That’s because the Hubble constant has been calculated using two different methods that yield irreconcilable results. Our universe is expanding, but the rate of the universe’s expansion, called the Hubble constant (H 0), is the subject of one of the biggest disputes in modern cosmology. However, many physicists suspect that this anomaly will remain, and if it does, it may have a natural solution through dark matter. Of course, there are also explanations that don’t have any direct connections to dark matter, and the anomaly could even disappear as the calculations get more precise.Īs the Muon g-2 collaboration continues to take measurements and theorists continue their own calculations, it’s possible that the theoretical and experimental values of g-2 will converge. If theorists add the influence of virtual neutralinos into the mix, it could alter their prediction in a way that lines up with experimental results. Specifically, Feng mentions the neutralino, a dark matter candidate that is predicted by Supersymmetry.

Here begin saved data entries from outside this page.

(* Let $\Sigma$ be a set of prime numbers, $S$ the multiplicative submonoid of $\mathbb{N}$ generated by $\Sigma$, $\mathbb{Z}[S^{-1}]\subset\mathbb{Q}$ the localization. Let $M$ be a locally compact topological $\mathbb{Z}[S^{-1}]$-module that contains a compact open subgroup and is compactly generated. Then $M\cong(\mathbb{Z}[S^{-1}])^k\times C(M)$ as topological $\mathbb{Z}[S^{-1}]$-modules for some $k\ge 0$, where $(\mathbb{Z}[S^{-1}])^k$ is discrete.
   Context: All topological groups are Hausdorff; $\mathbb{Z}[S^{-1}]$ is discrete; scalar multiplication is continuous. Compactly generated means generated as a $\mathbb{Z}[S^{-1}]$-module by a compact subset. $C(M)$ is the set of elements $x\in M$ such that the closure of the subgroup generated by $x$ is compact (a closed submodule). *)

theory Defs
  imports "HOL-Analysis.Analysis" "HOL-Computational_Algebra.Primes"
begin

inductive_set gen_monoid :: "nat set \<Rightarrow> nat set" for \<Sigma> :: "nat set" where
  one: "1 \<in> gen_monoid \<Sigma>"
| mult: "s \<in> gen_monoid \<Sigma> \<Longrightarrow> p \<in> \<Sigma> \<Longrightarrow> s * p \<in> gen_monoid \<Sigma>"

definition ZS :: "nat set \<Rightarrow> rat set" where
  "ZS \<Sigma> = {of_int a / of_nat s | a s. s \<in> gen_monoid \<Sigma>}"

(* a Hausdorff topological Z[S^-1]-module structure on the type 'm, with scalar action smul
   (only scalars in ZS matter) *)
definition top_ZS_module :: "nat set \<Rightarrow> (rat \<Rightarrow> 'm::{ab_group_add,t2_space} \<Rightarrow> 'm) \<Rightarrow> bool" where
  "top_ZS_module \<Sigma> smul \<longleftrightarrow>
     (\<forall>q\<in>ZS \<Sigma>. \<forall>x y. smul q (x + y) = smul q x + smul q y) \<and>
     (\<forall>q\<in>ZS \<Sigma>. \<forall>r\<in>ZS \<Sigma>. \<forall>x. smul (q + r) x = smul q x + smul r x) \<and>
     (\<forall>q\<in>ZS \<Sigma>. \<forall>r\<in>ZS \<Sigma>. \<forall>x. smul (q * r) x = smul q (smul r x)) \<and>
     (\<forall>x. smul 1 x = x) \<and>
     continuous_on UNIV (\<lambda>p::'m \<times> 'm. fst p + snd p) \<and>
     continuous_on UNIV (\<lambda>x::'m. - x) \<and>
     (\<forall>q\<in>ZS \<Sigma>. continuous_on UNIV (smul q))"

definition is_subgroup :: "'m::ab_group_add set \<Rightarrow> bool" where
  "is_subgroup U \<longleftrightarrow> 0 \<in> U \<and> (\<forall>x\<in>U. \<forall>y\<in>U. x + y \<in> U) \<and> (\<forall>x\<in>U. - x \<in> U)"

definition is_submodule :: "nat set \<Rightarrow> (rat \<Rightarrow> 'm::ab_group_add \<Rightarrow> 'm) \<Rightarrow> 'm set \<Rightarrow> bool" where
  "is_submodule \<Sigma> smul N \<longleftrightarrow> is_subgroup N \<and> (\<forall>q\<in>ZS \<Sigma>. \<forall>x\<in>N. smul q x \<in> N)"

definition gen_submodule :: "nat set \<Rightarrow> (rat \<Rightarrow> 'm::ab_group_add \<Rightarrow> 'm) \<Rightarrow> 'm set \<Rightarrow> 'm set" where
  "gen_submodule \<Sigma> smul K = \<Inter>{N. is_submodule \<Sigma> smul N \<and> K \<subseteq> N}"

definition compactly_generated :: "nat set \<Rightarrow> (rat \<Rightarrow> 'm::{ab_group_add,topological_space} \<Rightarrow> 'm) \<Rightarrow> bool" where
  "compactly_generated \<Sigma> smul \<longleftrightarrow> (\<exists>K. compact K \<and> gen_submodule \<Sigma> smul K = UNIV)"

ANTIMATTER VS DARK MATTER HOW TO
“It turns out, there are some beautiful ideas on how to rectify this problem that also very naturally solve the dark matter problem,” says Jonathan Feng, professor at the University of California, Irvine, who first drew this connection in a paper with Konstantin Matchev a few days after the original 2001 announcement. If the experimental measurements and theorists’ predictions hold, it could be that the predictions are missing a particle.

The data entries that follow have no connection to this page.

(* Let $m_x,m_y$ be positive integers, $\Delta\xi,\Delta\eta>0$, and let $\vec X:\mathbb R^2\to\mathbb R^2$ be a smooth map with nowhere vanishing Jacobian determinant such that $\vec X(\xi+m_x\Delta\xi,\eta)-\vec X(\xi,\eta)$ and $\vec X(\xi,\eta+m_y\Delta\eta)-\vec X(\xi,\eta)$ are constant vectors. Index pressure points by $(i,j)\in\mathbb Z_{m_x}\times\mathbb Z_{m_y}$ (indices taken modulo $m_x$, $m_y$), with weights ${\tt dVc}_{i,j}=\Delta\xi\Delta\eta\,|\det D\vec X(i\Delta\xi,j\Delta\eta)|$. Suppose that at every east face $(i,j)$, with computational location $\vec\xi^e_{i,j}=((i+\tfrac12)\Delta\xi,j\Delta\eta)$, a vector $\vec u^e_{i,j}\in\mathbb R^2$ is given, and at every north face $(i,j)$, with location $\vec\xi^n_{i,j}=(i\Delta\xi,(j+\tfrac12)\Delta\eta)$, a vector $\vec u^n_{i,j}\in\mathbb R^2$ is given. For $\varepsilon\in\{\tfrac12,\tfrac32,\dots\}$ define $$\overline{F}^e_{i,j}(\varepsilon)=-\frac{1}{\varepsilon}\Big(\vec X\big(\vec\xi^e_{i,j}+\varepsilon(0,\Delta\eta)\big)-\vec X\big(\vec\xi^e_{i,j}-\varepsilon(0,\Delta\eta)\big)\Big)^\perp\cdot\vec u^e_{i,j},$$ $$\overline{F}^n_{i,j}(\varepsilon)=\frac{1}{\varepsilon}\Big(\vec X\big(\vec\xi^n_{i,j}+\varepsilon(\Delta\xi,0)\big)-\vec X\big(\vec\xi^n_{i,j}-\varepsilon(\Delta\xi,0)\big)\Big)^\perp\cdot\vec u^n_{i,j},$$ where $(a,b)^\perp=(-b,a)$, and for a positive integer $K$ and real coefficients $\alpha(\tfrac12),\dots,\alpha(K-\tfrac12)$ define $$({\sf DIV})_{i,j}=\frac{1}{2\,{\tt dVc}_{i,j}}\sum_{\varepsilon\in\{1/2,\dots,K-1/2\}}\alpha(\varepsilon)\Big(\overline F^e_{i+\varepsilon-1/2,\,j}(\varepsilon)-\overline F^e_{i-\varepsilon-1/2,\,j}(\varepsilon)+\overline F^n_{i,\,j+\varepsilon-1/2}(\varepsilon)-\overline F^n_{i,\,j-\varepsilon-1/2}(\varepsilon)\Big).$$ Then (a) $\sum_{i,j}{\tt dVc}_{i,j}({\sf DIV})_{i,j}=0$ for all choices of the face vectors; and (b) if there is a constant $\vec c\in\mathbb R^2$ with $\vec u^e_{i,j}=\vec u^n_{i,j}=\vec c$ for all $(i,j)$, then $({\sf DIV})_{i,j}=0$ for all $(i,j)$.
   Context: This is the finite-difference discrete divergence on a periodic, structured, curvilinear staggered 2D grid: the face vectors $\vec u^e,\vec u^n$ are the full velocity vectors reconstructed at the faces from staggered grid-aligned velocity components by interpolations that are exact for constant vector fields, so that for the discrete representation of a constant vector field $\vec c$ they all equal $\vec c$. Property (a) is the discrete statement that the integral of a divergence vanishes; property (b) is the statement that the discrete divergence of a constant vector field vanishes. *)

theory Defs
  imports "HOL-Analysis.Analysis"
begin

definition pt :: "real \<Rightarrow> real \<Rightarrow> real^2" where
  "pt a b = vector [a, b]"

To understand the wobble of the muon, theorists have made complicated calculations registering the effects of all of the possible fluctuations that could occur. A muon can momentarily emit and reabsorb virtual versions of other fundamental particles, an action called a quantum fluctuation. Scientists know that the behavior of fundamental particles such as the muon are influenced by other subatomic characters. The problem is that both results seem to differ greatly from what the Standard Model predicts. Earlier this year, Fermilab’s Muon g-2 collaboration announced a measurement of the amount a muon “wobbles” in a magnetic field, upholding a 2001 result. The muon (the electron’s heavier cousin) acts strangely in a magnetic field. For example, the following anomalies, found in non–dark-matter experiments, may help shed light on this otherwise-dark part of the universe.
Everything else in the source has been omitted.